Provided data Block Start
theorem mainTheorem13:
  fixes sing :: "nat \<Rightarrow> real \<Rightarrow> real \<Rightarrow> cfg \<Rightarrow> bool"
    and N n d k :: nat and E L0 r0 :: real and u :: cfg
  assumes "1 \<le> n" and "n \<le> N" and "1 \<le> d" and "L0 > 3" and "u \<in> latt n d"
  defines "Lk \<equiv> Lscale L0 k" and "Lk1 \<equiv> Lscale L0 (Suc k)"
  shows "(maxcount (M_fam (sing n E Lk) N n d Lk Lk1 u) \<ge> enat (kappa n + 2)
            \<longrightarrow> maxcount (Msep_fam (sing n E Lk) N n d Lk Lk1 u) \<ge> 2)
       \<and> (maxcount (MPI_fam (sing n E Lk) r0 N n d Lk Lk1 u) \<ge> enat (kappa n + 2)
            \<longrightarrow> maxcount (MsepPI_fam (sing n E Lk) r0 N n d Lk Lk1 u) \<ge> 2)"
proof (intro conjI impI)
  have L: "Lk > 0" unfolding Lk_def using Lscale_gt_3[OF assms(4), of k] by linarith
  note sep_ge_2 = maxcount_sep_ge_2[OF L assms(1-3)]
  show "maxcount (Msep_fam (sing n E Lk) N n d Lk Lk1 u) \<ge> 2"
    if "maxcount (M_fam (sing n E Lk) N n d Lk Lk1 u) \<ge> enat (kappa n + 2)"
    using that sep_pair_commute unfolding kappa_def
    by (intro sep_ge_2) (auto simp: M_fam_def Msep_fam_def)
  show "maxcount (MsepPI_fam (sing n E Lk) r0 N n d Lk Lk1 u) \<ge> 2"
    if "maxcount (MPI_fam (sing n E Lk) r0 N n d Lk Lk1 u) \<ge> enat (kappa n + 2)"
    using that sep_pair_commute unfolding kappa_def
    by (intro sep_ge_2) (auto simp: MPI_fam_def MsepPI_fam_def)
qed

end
Provided data Block End
=== Task prompt ===
Write the data from above out again, exactly.

=== Output below ===
theorem mainTheorem13:
  fixes sing :: "nat \<Rightarrow> real \<Rightarrow> real \<Rightarrow> cfg \<Rightarrow> bool"
    and N n d k :: nat and E L0 r0 :: real and u :: cfg
  assumes "1 \<le> n" and "n \<le> N" and "1 \<le> d" and "L0 > 3" and "u \<in> latt n d"
  defines "Lk \<equiv> Lscale L0 k" and "Lk1 \<equiv> Lscale L0 (Suc k)"
  shows "(maxcount (M_fam (sing n E Lk) N n d Lk Lk1 u) \<ge> enat (kappa n + 2)
            \<longrightarrow> maxcount (Msep_fam (sing n E Lk) N n d Lk Lk1 u) \<ge> 2)
       \<and> (maxcount (MPI_fam (sing n E Lk) r0 N n d Lk Lk1 u) \<ge> enat (kappa n + 2)
            \<longrightarrow> maxcount (MsepPI_fam (sing n E Lk) r0 N n d Lk Lk1 u) \<ge> 2)"
proof (intro conjI impI)
  have L: "Lk > 0" unfolding Lk_def using Lscale_gt_3[OF assms(4), of k] by linarith
  note sep_ge_2 = maxcount_sep_ge_2[OF L assms(1-3)]
  show "maxcount (Msep_fam (sing n E Lk) N n d Lk Lk1 u) \<ge> 2"
    if "maxcount (M_fam (sing n E Lk) N n d Lk Lk1 u) \<ge> enat (kappa n + 2)"
    using that sep_pair_commute unfolding kappa_def
    by (intro sep_ge_2) (auto simp: M_fam_def Msep_fam_def)
  show "maxcount (MsepPI_fam (sing n E Lk) r0 N n d Lk Lk1 u) \<ge> 2"
    if "maxcount (MPI_fam (sing n E Lk) r0 N n d Lk Lk1 u) \<ge> enat (kappa n + 2)"
    using that sep_pair_commute unfolding kappa_def
    by (intro sep_ge_2) (auto simp: MPI_fam_def MsepPI_fam_def)
qed

end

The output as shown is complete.